Summer Creative Writing Institute Faculty
Professor Joshua Isard is a native of the Philadelphia area, and has been teaching creative writing, composition, and literature since 2004. Before coming to Arcadia, he held positions at Temple University and Drexel University.
He completed his undergraduate studies at Temple University, and studied creative writing at the University of Edinburgh with acclaimed writers Alan Jamieson and Dilys Rose. Professor Isard later earned a master’s degree in modern literature from University College London.
Prof. Isard is currently the Director of Arcadia’s M.F.A. program in Creative Writing. His fiction has recently appeared in Storychord, Northwind Magazine, Inscribed, The Broadkill Review, and Press 1. He has also worked with and written for several publications, including The American Poetry Review, and Philadelphia Weekly.
His first novel, Conquistador
of the Useless, was published in 2013 by Cinco Puntos Press.
Professor Tracey Levine grew up in Northeast Philadelphia and has been teaching creative writing, composition, literature, and film courses since 2006. She currently teaches at Arcadia, Bucks County Community College and at Community College of Philadelphia, and has taught at Syracuse University.
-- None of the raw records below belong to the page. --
(* Let $\mathcal X$ be finite, $P_0,P_1$ distributions on $\mathcal X$ with full support, and $0<\gamma<D(P_1\|P_0)$. Let $Q_\mu(x)=P_0^{\frac{\mu}{1+\mu}}(x)P_1^{\frac{1}{1+\mu}}(x)/\sum_aP_0^{\frac{\mu}{1+\mu}}(a)P_1^{\frac{1}{1+\mu}}(a)$ with $\mu\ge0$ solving $D(Q_\mu\|P_0)=\gamma$, and let $E_0=\gamma$, $E_1=D(Q_\mu\|P_1)$. For $r\ge0$ define $$\underline{\hat E}_0(r)=\min_{\substack{\hat Q:\,D(\hat Q\|P_0)\ge\gamma\\ Q:\,d(Q,\hat Q)\le r}}D(Q\|P_0),\qquad \underline{\hat E}_1(r)=\min_{\substack{\hat Q:\,D(\hat Q\|P_0)\le\gamma\\ Q:\,d(Q,\hat Q)\le r}}D(Q\|P_1).$$ Then for $i\in\{0,1\}$, as $r\to0$, $$\underline{\hat E}_i(r)=E_i-\sqrt{r\,\theta_i(P_0,P_1,\gamma)}+o(\sqrt r),$$ where $$\theta_0(P_0,P_1,\gamma)=\frac2\alpha\max_{\hat Q:\,D(\hat Q\|P_0)=\gamma}\mathrm{Var}_{\hat Q}\Big(\log\frac{\hat Q(X)}{P_0(X)}\Big),\qquad \theta_1(P_0,P_1,\gamma)=\frac2\alpha\mathrm{Var}_{Q_\mu}\Big(\log\frac{Q_\mu(X)}{P_1(X)}\Big).$$
   Context: $D$ is relative entropy. Setting: Hoeffding's test with known $P_0$ and threshold $\gamma$ (decide 1 iff $D(\hat T\|P_0)\ge\gamma$) is applied to a tampered observation whose type $\hat Q$ is within distance $r$ of the true type $Q$; $\underline{\hat E}_i(r)$ are the worst-case exponents. The distance $d$ is either the Rényi divergence $d(Q,\hat Q)=D_\alpha(Q\|\hat Q)=\frac{1}{\alpha-1}\log\sum_xQ(x)^\alpha\hat Q(x)^{1-\alpha}$ of order $\alpha>0$ ($\alpha=1$: relative entropy), or an $f$-divergence $d(Q,\hat Q)=\sum_x\hat Q(x)f(Q(x)/\hat Q(x))$ with $f$ convex, twice differentiable, and $\alpha:=f''(1)$. *)

theory Defs
  imports "HOL-Analysis.Analysis" "HOL-Library.Landau_Symbols"
begin

definition distrs :: "('a::finite \<Rightarrow> real) set" where
  "distrs = {Q. (\<forall>x. 0 \<le> Q x) \<and> (\<Sum>x\<in>UNIV. Q x) = 1}"

text \<open>Relative entropy D(Q||P) (natural log, 0 log 0 = 0); used with P of full support.\<close>
definition kl :: "('a::finite \<Rightarrow> real) \<Rightarrow> ('a \<Rightarrow> real) \<Rightarrow> real" where
  "kl Q P = (\<Sum>x\<in>UNIV. if Q x = 0 then 0 else Q x * ln (Q x / P x))"

definition kl_ext :: "('a::finite \<Rightarrow> real) \<Rightarrow> ('a \<Rightarrow> real) \<Rightarrow> ereal" where
  "kl_ext Q P = (if \<exists>x. 0 < Q x \<and> P x = 0 then \<infinity> else ereal (kl Q P))"

definition renyi_div :: "real \<Rightarrow> ('a::finite \<Rightarrow> real) \<Rightarrow> ('a \<Rightarrow> real) \<Rightarrow> ereal" where
  "renyi_div \<alpha> Q Qh =
    (if \<alpha> = 1 then kl_ext Q Qh
     else if 1 < \<alpha> \<and> (\<exists>x. 0 < Q x \<and> Qh x = 0) then \<infinity>
     else (let s = (\<Sum>x\<in>{x. 0 < Q x \<and> 0 < Qh x}. Q x powr \<alpha> * Qh x powr (1 - \<alpha>))
           in if s = 0 then \<infinity> else ereal (ln s / (\<alpha> - 1))))"

text \<open>f-divergence sum_x Qh(x) f(Q(x)/Qh(x)) with f defined on (0,inf) and the standard
  conventions: a zero Q(x) uses f(0+) = lim_{t->0+} f t, a zero Qh(x) uses
  Q(x) * lim_{t->inf} f(t)/t, and 0 f(0/0) = 0.\<close>
definition f_zero :: "(real \<Rightarrow> real) \<Rightarrow> ereal" where
  "f_zero f = Lim (at_right 0) (\<lambda>t. ereal (f t))"

definition f_slope_inf :: "(real \<Rightarrow> real) \<Rightarrow> ereal" where
  "f_slope_inf f = Lim at_top (\<lambda>t. ereal (f t / t))"

definition fdiv :: "(real \<Rightarrow> real) \<Rightarrow> ('a::finite \<Rightarrow> real) \<Rightarrow> ('a \<Rightarrow> real) \<Rightarrow> ereal" where
  "fdiv f Q Qh = (\<Sum>x\<in>UNIV.
      if 0 < Qh x then (if 0 < Q x then ereal (Qh x * f (Q x / Qh x)) else ereal (Qh x) * f_zero f)
      else if Q x = 0 then 0 else ereal (Q x) * f_slope_inf f)"

text \<open>Admissible f-divergence generator: convex, twice differentiable on (0,inf), f(1)=0,
  with second derivative f'' (so alpha = f''(1)).\<close>
definition fgen :: "(real \<Rightarrow> real) \<Rightarrow> (real \<Rightarrow> real) \<Rightarrow> (real \<Rightarrow> real) \<Rightarrow> bool" where
  "fgen f f' f'' \<longleftrightarrow> convex_on {0<..} f \<and> f 1 = 0 \<and>
     (\<forall>t>0. (f has_real_derivative f' t) (at t) \<and> (f' has_real_derivative f'' t) (at t))"

definition tilt :: "('a::finite \<Rightarrow> real) \<Rightarrow> ('a \<Rightarrow> real) \<Rightarrow> real \<Rightarrow> 'a \<Rightarrow> real" where
  "tilt P0 P1 \<mu> x =
     P0 x powr (\<mu> / (1 + \<mu>)) * P1 x powr (1 / (1 + \<mu>)) /
     (\<Sum>a\<in>UNIV. P0 a powr (\<mu> / (1 + \<mu>)) * P1 a powr (1 / (1 + \<mu>)))"

definition var_log :: "('a::finite \<Rightarrow> real) \<Rightarrow> ('a \<Rightarrow> real) \<Rightarrow> real" where
  "var_log Q P = (\<Sum>x\<in>UNIV. Q x * (ln (Q x / P x))\<^sup>2) - (\<Sum>x\<in>UNIV. Q x * ln (Q x / P x))\<^sup>2"

definition E0_hat :: "('a::finite \<Rightarrow> real) \<Rightarrow> real \<Rightarrow> (('a \<Rightarrow> real) \<Rightarrow> ('a \<Rightarrow> real) \<Rightarrow> ereal) \<Rightarrow> real \<Rightarrow> real" where
  "E0_hat P0 \<gamma> d r = Inf {kl Q P0 | Q Qh. Qh \<in> distrs \<and> Q \<in> distrs \<and> \<gamma> \<le> kl Qh P0 \<and> d Q Qh \<le> ereal r}"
She has also been active at Bucks County Community College in creating and facilitating a student-run book club.
Prof. Levine earned a B.F.A. in Screenwriting from the University of the Arts, an M.A. in English from Arcadia University, and an M.F.A. in Fiction from Syracuse University where she was on fellowship. She has worked at WHYY on several documentary projects, and her creative writing work has appeared in Verbal Seduction, Metropolis VoxPop, and the Philadelphia Citypaper. She was a finalist in the Glimmer Train Family Matters Contest in 2010, and was also involved in the Living Writer’s Reading Series at Syracuse University, and is currently working on a collection of short fiction.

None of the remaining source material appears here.